Be carful about being exposed while the feed rollers are open.


----------



## TimberMcPherson (Aug 22, 2008)

Yo sup all

It wasnt a spit back off the blades, it was off the feed roller somehow, I think if you have played tiddlywinks you will have an idea how it went down, it has a gallotine type set up based only on weight. the thing never got near the blades, the chippers a 625LR Gravely disc chipper which I brought from Marky Mark, who went through 6 kinds of hell to get it send from New Jersey to New Zealand, something I am very grateful for. Its mounted on a 360 degree turntable which in my tight confined city works like cold beer on a hot day.

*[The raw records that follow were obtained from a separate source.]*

text \<open>a! b! \<le> (a+b)!, i.e. binomial coefficients are at least 1.\<close>
lemma fact_mult_le: "fact a * fact b \<le> (fact (a + b) :: real)"
proof (induction b)
  case 0 then show ?case by simp
next
  case (Suc b)
  have "fact a * fact (Suc b) = (real b + 1) * (fact a * fact b)" by (simp add: algebra_simps)
  also have "\<dots> \<le> (real (a + b) + 1) * fact (a + b)"
    using Suc by (intro mult_mono) auto
  also have "\<dots> = fact (a + Suc b)" by (simp add: algebra_simps)
  finally show ?case .
qed

text \<open>The tail of the exponential series: the Erlang(n) distribution function at x is at
  most x^n/n!.  This bounds P(Gamma_n <= a).\<close>
lemma exp_tail_bound:
  fixes x :: real assumes x: "x \<ge> 0"
  shows "1 - (\<Sum>i<n. x ^ i * exp (- x) / fact i) \<le> x ^ n / fact n"
proof -
  define t where "t i = x ^ i / fact i" for i
  have st: "t sums exp x"
  proof -
    have "(\<lambda>n. inverse (fact n) * x ^ n) = t" by (auto simp: t_def fun_eq_iff divide_inverse)
    then show ?thesis using exp_converges[of x] by (simp add: real_scaleR_def)
  qed
  then have sm: "summable t" by (rule sums_summable)
  have "exp x = (\<Sum>j. t (j + n)) + (\<Sum>i<n. t i)"
    using suminf_split_initial_segment[OF sm, of n] sums_unique[OF st] by simp
  moreover have "(\<Sum>j. t (j + n)) \<le> (\<Sum>j. x ^ n / fact n * t j)"
  proof (rule suminf_le)
    fix j
    have "t (j + n) = x ^ n * x ^ j / fact (j + n)" by (simp add: t_def power_add)
    also have "\<dots> \<le> x ^ n * x ^ j / (fact n * fact j)"
      using fact_mult_le[of n j] x by (intro divide_left_mono) (auto simp: add.commute)
    also have "\<dots> = x ^ n / fact n * t j" by (simp add: t_def)
    finally show "t (j + n) \<le> x ^ n / fact n * t j" .
  next
    show "summable (\<lambda>j. t (j + n))" using sm by (subst summable_iff_shift)
    show "summable (\<lambda>j. x ^ n / fact n * t j)" using sm by (rule summable_mult)
  qed
  moreover have "(\<Sum>j. x ^ n / fact n * t j) = x ^ n / fact n * exp x"
    using suminf_mult[OF sm, of "x ^ n / fact n"] sums_unique[OF st] by simp
  ultimately have le: "exp x - (\<Sum>i<n. t i) \<le> x ^ n / fact n * exp x" by linarith
  have e: "exp (-x) * exp x = 1" by (simp add: exp_minus_inverse mult.commute)
  have "1 - (\<Sum>i<n. x ^ i * exp (- x) / fact i) = exp (-x) * (exp x - (\<Sum>i<n. t i))"
    by (simp add: t_def algebra_simps sum_distrib_left exp_minus_inverse)
  also have "\<dots> \<le> exp (-x) * (x ^ n / fact n * exp x)" using le by (intro mult_left_mono) auto
  also have "\<dots> = x ^ n / fact n" using e by (simp add: algebra_simps)
  finally show ?thesis .
qed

Heres a pic, with the stumpmaster grinder mounted on it (sack there as padding) Might look strange but being able to do a full job, fill the truck, grind the stump and be gone in one trip makes this work awesome for me.


----------



## Groundman One (Aug 22, 2008)

We have a 6" Vermeer 625B and if you feed in a piece of wood, maybe 3" or more with no branches at the end, it always spits back a golf ball sized piece straight back at me off the very end of the chipping action. Not that hard, but you still do not want it in the face. Also, it happens quite often that when you do feed in a a piece of wood, it grabs the wood very quickly and the end you are holding to feed it in goes smashing up against the roof of the chipper. Very easy to get a bent wrist or worse. Something to get used to.

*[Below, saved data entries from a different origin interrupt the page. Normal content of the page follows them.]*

(* If a depth-proper mttr $M$ is finite-ML-nesting, then $M$ is LHI, i.e., there is $b\in\mathbb N$ with $H(M(t))\le b\cdot H(t)$ for all input trees $t$.
   Context: Trees: for a ranked alphabet $\Sigma$, $T_\Sigma$ is the set of finite ranked ordered trees over $\Sigma$, and $T_\Sigma(A)$ the trees over $\Sigma$ with additional rank-0 symbols from $A$. $X_k=\{x_1,\dots,x_k\}$ are input variables and $Y=\{y_1,y_2,\dots\}$, $Y_m=\{y_1,\dots,y_m\}$ are parameters. A (deterministic bottom-up) tree automaton $(P,\Sigma,h)$ has a finite state set $P$ and maps $h_\sigma:P^k\to P$ for $\sigma\in\Sigma^{(k)}$; $\hat h:T_\Sigma\to P$ is its run and $L_p=\{s\in T_\Sigma\mid \hat h(s)=p\}$. A (total, deterministic) macro tree transducer with look-ahead (mttr) is $M=(Q,P,\Sigma,\Delta,q_0,R,h)$ where $Q$ is a ranked alphabet of states, $\Sigma,\Delta$ are ranked input/output alphabets, $(P,\Sigma,h)$ is a tree automaton (the look-ahead), $q_0\in Q^{(0)}$, and for each $q\in Q^{(m)}$, $\sigma\in\Sigma^{(k)}$, $p_1,\dots,p_k\in P$ there is exactly one rule $\langle q,\sigma(x_1:p_1,\dots,x_k:p_k)\rangle(y_1,\dots,y_m)\to t$ with $t\in T_{\Delta\cup\langle Q,X_k\rangle}(Y_m)$, where $\langle q',x_i\rangle$ has the rank of $q'$. For $q\in Q^{(m)}$ and $s=\sigma(s_1,\dots,s_k)$, $M_q(s)\in T_\Delta(Y_m)$ is obtained from the right-hand side of the rule for $(q,\sigma,\hat h(s_1),\dots,\hat h(s_k))$ by replacing (recursively, innermost first) each subtree $\langle q',x_i\rangle(\xi_1,\dots,\xi_n)$ by $M_{q'}(s_i)$ with each $y_j$ replaced by (the result for) $\xi_j$; $M(s)=M_{q_0}(s)$. Extension and reachability: $\hat M$ is the mttr with input alphabet $\Sigma\cup P$ (each $p\in P$ a rank-0 input symbol with $\hat h_p()=p$), output alphabet $\Delta\cup\langle Q,P\rangle$ (where $\langle q,p\rangle$ has the rank of $q$), the rules of $M$ plus the rules $\langle q,p\rangle(y_1,\dots,y_m)\to\langle q,p\rangle(y_1,\dots,y_m)$ for $q\in Q^{(m)}$, $p\in P$. A pair $\langle q,p\rangle$ is reachable if it occurs in $\hat M(s)$ for some $s\in T_\Sigma(P)$. Depth-proper: for $y\in Y$ and $s\in T_\Delta(Y)$, $\lfloor s\rfloor_y$ is obtained from $s$ by replacing every maximal subtree not containing $y$ by a new rank-0 symbol $\$$. $M$ is depth-proper if for every reachable $\langle q,p\rangle$ with $q\in Q^{(m)}$ and every $y\in Y_m$, the set $\{\lfloor M_q(s)\rfloor_y\mid s\in L_p\}$ is infinite. Height: $H(t)$ is the number of nodes on a longest root-to-leaf path of $t$. ML-nesting: for $t\in T_\Sigma(P)$, the nesting of a root-to-leaf path of $\hat M(t)$ is the number of its nodes labeled by symbols of $\langle Q,P\rangle$. $M$ is finite-ML-nesting if there is $b\in\mathbb N$ such that for every $t\in T_\Sigma(P)$ (with any number of leaves labeled by symbols of $P$), every root-to-leaf path of $\hat M(t)$ has nesting at most $b$. *)

theory Defs
  imports Main
begin

datatype 'a rtree = Node 'a "'a rtree list"

fun wf_tree :: "'a set \<Rightarrow> ('a \<Rightarrow> nat) \<Rightarrow> 'a rtree \<Rightarrow> bool" where
  "wf_tree A rk (Node a ts) = (a \<in> A \<and> length ts = rk a \<and> (\<forall>t\<in>set ts. wf_tree A rk t))"

fun height :: "'a rtree \<Rightarrow> nat" where
  "height (Node a ts) = Suc (Max (insert 0 (set (map height ts))))"

fun paths :: "'a rtree \<Rightarrow> 'a list set" where
  "paths (Node a ts) = (if ts = [] then {[a]} else (\<lambda>\<pi>. a # \<pi>) ` (\<Union>t\<in>set ts. paths t))"

text \<open>Labels of output trees of the extension: symbols of Delta, symbols <q,p> of <Q,P>,
  and parameters OY j standing for y_(j+1).\<close>
datatype ('d,'q,'p) olab = OD 'd | OS 'q 'p | OY nat

text \<open>Labels of right-hand sides: output symbols, calls <q',x_(i+1)>, parameters y_(j+1).\<close>
datatype ('d,'q) rlab = RD 'd | RC 'q nat | RY nat

text \<open>Input trees of the extension are trees over Sigma \<union> P, labels Inl sigma / Inr p.\<close>

fun wf_rhs :: "'q set \<Rightarrow> ('q \<Rightarrow> nat) \<Rightarrow> 'd set \<Rightarrow> ('d \<Rightarrow> nat) \<Rightarrow> nat \<Rightarrow> nat
               \<Rightarrow> ('d,'q) rlab rtree \<Rightarrow> bool" where
  "wf_rhs Q rkQ D rkD k m (Node (RD d) ts) =
     (d \<in> D \<and> length ts = rkD d \<and> (\<forall>t\<in>set ts. wf_rhs Q rkQ D rkD k m t))"
| "wf_rhs Q rkQ D rkD k m (Node (RC q i) ts) =
     (q \<in> Q \<and> i < k \<and> length ts = rkQ q \<and> (\<forall>t\<in>set ts. wf_rhs Q rkQ D rkD k m t))"
| "wf_rhs Q rkQ D rkD k m (Node (RY j) ts) = (j < m \<and> ts = [])"

text \<open>A total deterministic mttr (Q,P,Sigma,Delta,q0,R,h) with look-ahead automaton (P,Sigma,h).
  The rule for (q, sigma, p_1..p_k) has right-hand side R q sigma [p_1,..,p_k].
  Child x_(i+1) is referred to by index i, parameter y_(j+1) by index j.\<close>
definition is_mttr ::
  "'q set \<Rightarrow> ('q \<Rightarrow> nat) \<Rightarrow> 'p set \<Rightarrow> 's set \<Rightarrow> ('s \<Rightarrow> nat) \<Rightarrow> 'd set \<Rightarrow> ('d \<Rightarrow> nat)
   \<Rightarrow> 'q \<Rightarrow> ('q \<Rightarrow> 's \<Rightarrow> 'p list \<Rightarrow> ('d,'q) rlab rtree) \<Rightarrow> ('s \<Rightarrow> 'p list \<Rightarrow> 'p) \<Rightarrow> bool" where
  "is_mttr Q rkQ P Sig rkS D rkD q0 R h \<longleftrightarrow>
     finite Q \<and> finite P \<and> finite Sig \<and> finite D \<and>
     q0 \<in> Q \<and> rkQ q0 = 0 \<and>
     (\<forall>\<sigma>\<in>Sig. \<forall>ps. set ps \<subseteq> P \<and> length ps = rkS \<sigma> \<longrightarrow> h \<sigma> ps \<in> P) \<and>
     (\<forall>q\<in>Q. \<forall>\<sigma>\<in>Sig. \<forall>ps. set ps \<subseteq> P \<and> length ps = rkS \<sigma> \<longrightarrow>
        wf_rhs Q rkQ D rkD (rkS \<sigma>) (rkQ q) (R q \<sigma> ps))"

fun run :: "('s \<Rightarrow> 'p list \<Rightarrow> 'p) \<Rightarrow> ('s + 'p) rtree \<Rightarrow> 'p" where
  "run h (Node (Inl \<sigma>) ts) = h \<sigma> (map (run h) ts)"
| "run h (Node (Inr p) ts) = p"

text \<open>Second-order substitution of parameters: y_(j+1) := us ! j.\<close>
fun subst :: "('d,'q,'p) olab rtree \<Rightarrow> ('d,'q,'p) olab rtree list \<Rightarrow> ('d,'q,'p) olab rtree" where
  "subst (Node (OY j) ts) us = (if j < length us then us ! j else Node (OY j) (map (\<lambda>t. subst t us) ts))"
| "subst (Node a ts) us = Node a (map (\<lambda>t. subst t us) ts)"

text \<open>Instantiate a right-hand side, given the results f q' i = M_q'(s_(i+1)).\<close>
fun inst :: "('d,'q) rlab rtree \<Rightarrow> ('q \<Rightarrow> nat \<Rightarrow> ('d,'q,'p) olab rtree) \<Rightarrow> ('d,'q,'p) olab rtree" where
  "inst (Node (RD d) ts) f = Node (OD d) (map (\<lambda>t. inst t f) ts)"
| "inst (Node (RY j) ts) f = Node (OY j) []"
| "inst (Node (RC q i) ts) f = subst (f q i) (map (\<lambda>t. inst t f) ts)"

text \<open>Semantics of the extension hat M: Mhat rkQ R h s q = hat M_q(s), for s in T_Sigma(P).
  Rules of M for input symbols of Sigma, and <q,p>(y_1..y_m) -> <q,p>(y_1..y_m) for p in P.\<close>
fun Mhat :: "('q \<Rightarrow> nat) \<Rightarrow> ('q \<Rightarrow> 's \<Rightarrow> 'p list \<Rightarrow> ('d,'q) rlab rtree) \<Rightarrow> ('s \<Rightarrow> 'p list \<Rightarrow> 'p)
             \<Rightarrow> ('s + 'p) rtree \<Rightarrow> 'q \<Rightarrow> ('d,'q,'p) olab rtree" where
  "Mhat rkQ R h (Node (Inl \<sigma>) ts) =
     (let rs = map (Mhat rkQ R h) ts
      in (\<lambda>q. inst (R q \<sigma> (map (run h) ts)) (\<lambda>q' i. (rs ! i) q')))"
| "Mhat rkQ R h (Node (Inr p) ts) =
     (\<lambda>q. Node (OS q p) (map (\<lambda>j. Node (OY j) []) [0..<rkQ q]))"

text \<open>The mttr M itself on input trees over Sigma: M_q(s) (it uses only the rules of M).\<close>
definition Mq :: "('q \<Rightarrow> nat) \<Rightarrow> ('q \<Rightarrow> 's \<Rightarrow> 'p list \<Rightarrow> ('d,'q) rlab rtree) \<Rightarrow> ('s \<Rightarrow> 'p list \<Rightarrow> 'p)
                  \<Rightarrow> 'q \<Rightarrow> 's rtree \<Rightarrow> ('d,'q,'p) olab rtree" where
  "Mq rkQ R h q s = Mhat rkQ R h (map_rtree Inl s) q"

definition TSig :: "'s set \<Rightarrow> ('s \<Rightarrow> nat) \<Rightarrow> 's rtree set" where
  "TSig Sig rkS = {s. wf_tree Sig rkS s}"

definition TSigP :: "'s set \<Rightarrow> ('s \<Rightarrow> nat) \<Rightarrow> 'p set \<Rightarrow> ('s + 'p) rtree set" where
  "TSigP Sig rkS P = {s. wf_tree (Inl ` Sig \<union> Inr ` P) (case_sum rkS (\<lambda>_. 0)) s}"

definition Lp :: "'s set \<Rightarrow> ('s \<Rightarrow> nat) \<Rightarrow> ('s \<Rightarrow> 'p list \<Rightarrow> 'p) \<Rightarrow> 'p \<Rightarrow> 's rtree set" where
  "Lp Sig rkS h p = {s \<in> TSig Sig rkS. run h (map_rtree Inl s) = p}"

definition reachable ::
  "'s set \<Rightarrow> ('s \<Rightarrow> nat) \<Rightarrow> 'p set \<Rightarrow> ('q \<Rightarrow> nat) \<Rightarrow> 'q
   \<Rightarrow> ('q \<Rightarrow> 's \<Rightarrow> 'p list \<Rightarrow> ('d,'q) rlab rtree) \<Rightarrow> ('s \<Rightarrow> 'p list \<Rightarrow> 'p) \<Rightarrow> 'q \<Rightarrow> 'p \<Rightarrow> bool" where
  "reachable Sig rkS P rkQ q0 R h q p \<longleftrightarrow>
     (\<exists>s \<in> TSigP Sig rkS P. OS q p \<in> set_rtree (Mhat rkQ R h s q0))"

text \<open>floor(s)_y: replace every maximal subtree not containing y by the new symbol dollar (None).\<close>
fun cut :: "'a \<Rightarrow> 'a rtree \<Rightarrow> 'a option rtree" where
  "cut y (Node a ts) = (if y \<in> set_rtree (Node a ts) then Node (Some a) (map (cut y) ts) else Node None [])"

definition depth_proper ::
  "'q set \<Rightarrow> ('q \<Rightarrow> nat) \<Rightarrow> 'p set \<Rightarrow> 's set \<Rightarrow> ('s \<Rightarrow> nat)
   \<Rightarrow> 'q \<Rightarrow> ('q \<Rightarrow> 's \<Rightarrow> 'p list \<Rightarrow> ('d,'q) rlab rtree) \<Rightarrow> ('s \<Rightarrow> 'p list \<Rightarrow> 'p) \<Rightarrow> bool" where
  "depth_proper Q rkQ P Sig rkS q0 R h \<longleftrightarrow>
     (\<forall>q\<in>Q. \<forall>p\<in>P. reachable Sig rkS P rkQ q0 R h q p \<longrightarrow>
        (\<forall>j < rkQ q. infinite ((\<lambda>s. cut (OY j) (Mq rkQ R h q s)) ` Lp Sig rkS h p)))"

definition is_OS :: "('d,'q,'p) olab \<Rightarrow> bool" where
  "is_OS a \<longleftrightarrow> (\<exists>q p. a = OS q p)"

definition finite_ML_nesting ::
  "('q \<Rightarrow> nat) \<Rightarrow> 'p set \<Rightarrow> 's set \<Rightarrow> ('s \<Rightarrow> nat)
   \<Rightarrow> 'q \<Rightarrow> ('q \<Rightarrow> 's \<Rightarrow> 'p list \<Rightarrow> ('d,'q) rlab rtree) \<Rightarrow> ('s \<Rightarrow> 'p list \<Rightarrow> 'p) \<Rightarrow> bool" where
  "finite_ML_nesting rkQ P Sig rkS q0 R h \<longleftrightarrow>
     (\<exists>b::nat. \<forall>t \<in> TSigP Sig rkS P. \<forall>\<pi> \<in> paths (Mhat rkQ R h t q0).
        length (filter is_OS \<pi>) \<le> b)"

I always wear glasses and a hard hat and two levels of ear protection, plugs and muffs. Makes it bearable noise wise. The climber I work with every day feeds the chipper with no safety glasses on. So does our second climber when he is with us. Technically they outrank me so they do what they want. It just amazes me how stupid some people can be. I have years on chippers and I would have been blinded and-or knocked senseless countless times if I did not have glasses and a hardhat. 

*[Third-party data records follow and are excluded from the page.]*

(* Let $A\in\mathbb{R}^{n\times d}$, let $f:\mathbb{R}^n\to\mathbb{R}\cup\{+\infty\}$ and $g:\mathbb{R}^d\to\mathbb{R}\cup\{+\infty\}$ be closed convex functions, and suppose $f$ is $(1/\gamma)$-smooth for some $\gamma\ge 0$ and $g$ is $\mu$-strongly convex for some $\mu\ge 0$. Let $R=\|A\|_2$ and $F(x,y)=g(x)+\langle y,Ax\rangle-f^*(y)$. Run the DAPD method (described in the context) for $T\ge 1$ iterations with positive step sizes satisfying, for all $t=0,\dots,T-1$, $$\eta_t(1+B_{t-1}\mu)\ge \beta_t,\qquad \eta_t\tau_t\le \frac{1}{R^2},\qquad \frac{\beta_{t+1}}{\tau_{t+1}}\le \frac{\beta_t}{\tau_t}(1+\gamma\tau_t).$$ Define $\hat{x}^T=\frac{1}{B_{T-1}}\sum_{t=0}^{T-1}\beta_t\bar{x}^{t+1}$ and $\hat{y}^T=\frac{1}{B_{T-1}}\sum_{t=0}^{T-1}\beta_t y^{t+1}$. Then for every $x\in\mathbb{R}^d$ and $y\in\mathbb{R}^n$, $$F(\hat{x}^T,y)-F(x,\hat{y}^T)\le \frac{1}{B_{T-1}}\left(\frac{\beta_0}{2\tau_0}\|y^0-y\|_2^2+\frac12\|x^0-x\|_2^2\right).$$
   Context: $f^*$ denotes the convex conjugate of $f$; $\operatorname{prox}_h(u)=\arg\min_v\{h(v)+\frac12\|v-u\|_2^2\}$. "$f$ is $(1/\gamma)$-smooth with $\gamma\ge0$" is the paper's convention: $\gamma=0$ means $f$ need not be smooth; $\gamma>0$ means $f$ is differentiable with $(1/\gamma)$-Lipschitz gradient. $\mu=0$ means $g$ is merely convex. DAPD method: given initial points $x^0\in\mathbb{R}^d$, $y^0\in\mathbb{R}^n$ and positive step sizes $\{\beta_t\},\{\eta_t\},\{\tau_t\}$, set $B_t=\sum_{k=0}^t\beta_k$ (with $B_{-1}=0$) and for $t=0,1,2,\dots$ compute $\bar{x}^{t+1}=\operatorname{prox}_{\eta_t g}(x^t-\eta_t A^\top y^t)$, $y^{t+1}=\operatorname{prox}_{\tau_t f^*}(y^t+\tau_t A\bar{x}^{t+1})$, $x^{t+1}=\operatorname{prox}_{B_t g}\big(x^0-\sum_{k=0}^t\beta_k A^\top y^{k+1}\big)$. *)

theory Defs
  imports "HOL-Analysis.Analysis"
begin

text \<open>Extended-real valued functions with values in real union {+infinity}:
  we use type ereal together with the properness assumption below.\<close>

definition proper_fun :: "('a \<Rightarrow> ereal) \<Rightarrow> bool" where
  "proper_fun f \<longleftrightarrow> (\<forall>x. f x \<noteq> -\<infinity>) \<and> (\<exists>x. f x \<noteq> \<infinity>)"

definition closed_fun :: "('a::topological_space \<Rightarrow> ereal) \<Rightarrow> bool" where
  "closed_fun f \<longleftrightarrow> closed {(x, t::real). f x \<le> ereal t}"

definition convex_fun :: "('a::real_vector \<Rightarrow> ereal) \<Rightarrow> bool" where
  "convex_fun f \<longleftrightarrow> (\<forall>x y t. 0 < t \<and> t < 1 \<longrightarrow>
      f (t *\<^sub>R x + (1 - t) *\<^sub>R y) \<le> ereal t * f x + ereal (1 - t) * f y)"

definition strongly_convex_fun :: "real \<Rightarrow> ('a::real_normed_vector \<Rightarrow> ereal) \<Rightarrow> bool" where
  "strongly_convex_fun \<mu> f \<longleftrightarrow> (\<forall>x y t. 0 < t \<and> t < 1 \<longrightarrow>
      f (t *\<^sub>R x + (1 - t) *\<^sub>R y) \<le> ereal t * f x + ereal (1 - t) * f y
        - ereal (\<mu> / 2 * t * (1 - t) * (norm (x - y))\<^sup>2))"

text \<open>(1/gamma)-smoothness in the paper's convention: no condition if gamma = 0;
  for gamma > 0, f is real-valued, differentiable, with (1/gamma)-Lipschitz gradient.\<close>
definition smooth_fun :: "real \<Rightarrow> ('a::real_inner \<Rightarrow> ereal) \<Rightarrow> bool" where
  "smooth_fun \<gamma> f \<longleftrightarrow> (\<gamma> > 0 \<longrightarrow>
     (\<forall>x. \<bar>f x\<bar> \<noteq> \<infinity>) \<and>
     (\<exists>G. (\<forall>x. ((\<lambda>z. real_of_ereal (f z)) has_derivative (\<lambda>h. G x \<bullet> h)) (at x)) \<and>
          (\<forall>x y. norm (G x - G y) \<le> (1 / \<gamma>) * norm (x - y))))"

definition conjugate :: "('a::real_inner \<Rightarrow> ereal) \<Rightarrow> 'a \<Rightarrow> ereal" where
  "conjugate f y = (SUP x. ereal (y \<bullet> x) - f x)"

definition prox :: "('a::real_normed_vector \<Rightarrow> ereal) \<Rightarrow> 'a \<Rightarrow> 'a" where
  "prox h u = (SOME v. \<forall>w. h v + ereal ((norm (v - u))\<^sup>2 / 2) \<le> h w + ereal ((norm (w - u))\<^sup>2 / 2))"

definition saddleF :: "(real^'d \<Rightarrow> ereal) \<Rightarrow> (real^'n \<Rightarrow> ereal) \<Rightarrow> real^'d^'n
     \<Rightarrow> real^'d \<Rightarrow> real^'n \<Rightarrow> ereal" where
  "saddleF g f A x y = g x + ereal (y \<bullet> (A *v x)) - conjugate f y"

end

theory Submission
  imports Defs
begin

text \<open>The primal sequence x is dual averaging: x (t + 1) minimises the sum over k \<le> t of the
  linearised losses \<beta> k * (g w + <y (k + 1), A w>) plus |w - x 0|^2 / 2, a strongly convex function
  with modulus 1 + \<mu> * (\<beta> 0 + ... + \<beta> t), so the be-the-leader argument bounds the losses
  accumulated along x by those at any comparison point u. The extrapolated point xbar and the dual
  point y satisfy three-point prox inequalities; their coupling term
  <y (t + 1) - y t, A (xbar (t + 1) - x (t + 1))> is absorbed by Young's inequality because
  \<eta> t * \<tau> t * |A|^2 \<le> 1, and the step-size rules make the dual distances telescope. Finally g and
  the conjugate of f, which is \<gamma>-strongly convex because f is (1/\<gamma>)-smooth, are convex, so
  Jensen's inequality passes the weighted bound to the averaged iterates.\<close>

section \<open>Extended-real convex functions\<close>

lemma ereal_convex_comb_mono:
  fixes a b a' b' :: ereal
  assumes "a \<le> a'" "b \<le> b'" "0 \<le> t" "t \<le> 1"
  shows "ereal t * a + ereal (1 - t) * b \<le> ereal t * a' + ereal (1 - t) * b'"
  using assms by (intro add_mono ereal_mult_left_mono) auto

lemma convex_funD_le:
  assumes "convex_fun h" "h a \<le> ereal r" "h b \<le> ereal s" "0 < t" "t < 1"
  shows "h (t *\<^sub>R a + (1 - t) *\<^sub>R b) \<le> ereal (t * r + (1 - t) * s)"
proof -
  have "h (t *\<^sub>R a + (1 - t) *\<^sub>R b) \<le> ereal t * h a + ereal (1 - t) * h b"
    using assms(1,4,5) unfolding convex_fun_def by blast
  also have "\<dots> \<le> ereal t * ereal r + ereal (1 - t) * ereal s"
    using assms(2-5) by (intro ereal_convex_comb_mono) auto
  finally show ?thesis by simp
qed

lemma strongly_convex_funD_le:
  assumes "strongly_convex_fun \<sigma> h" "h a \<le> ereal r" "h b \<le> ereal s" "0 < t" "t < 1"
  shows "h (t *\<^sub>R a + (1 - t) *\<^sub>R b)
           \<le> ereal (t * r + (1 - t) * s - \<sigma> / 2 * t * (1 - t) * (norm (a - b))\<^sup>2)"
proof -
  let ?m = "ereal (\<sigma> / 2 * t * (1 - t) * (norm (a - b))\<^sup>2)"
  have "h (t *\<^sub>R a + (1 - t) *\<^sub>R b) \<le> ereal t * h a + ereal (1 - t) * h b - ?m"
    using assms(1,4,5) unfolding strongly_convex_fun_def by blast
  also have "\<dots> \<le> ereal t * ereal r + ereal (1 - t) * ereal s - ?m"
    using assms(2-5) by (intro ereal_minus_mono ereal_convex_comb_mono) auto
  finally show ?thesis by simp
qed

(Feeding in beech branches is the worst. You always take a whipping and a whooping with those.)


----------



## Eagle1 (Aug 23, 2008)

Blow back...ouch !!

I was using a 6" Vermeer 625B a long time ago and had a butt end about 2"x2" fire back and hit me in the nose. The velocity was amazing. I was ok, just 2 black eyes and some blood.


----------



## Groundman One (Aug 23, 2008)

Eagle1 said:


> Blow back...ouch !!
> 
> I was using a 6" Vermeer 625B a long time ago and had a butt end about 2"x2" fire back and hit me in the nose. The velocity was amazing. I was ok, just 2 black eyes and some blood.



Ooh. Nasty! Glad you kept your eyesight and your teeth. I wonder how much good a mesh visor would do in that situation? Not much I think. You`d need an honest to God face shield like on a footbal helmet to save you from that.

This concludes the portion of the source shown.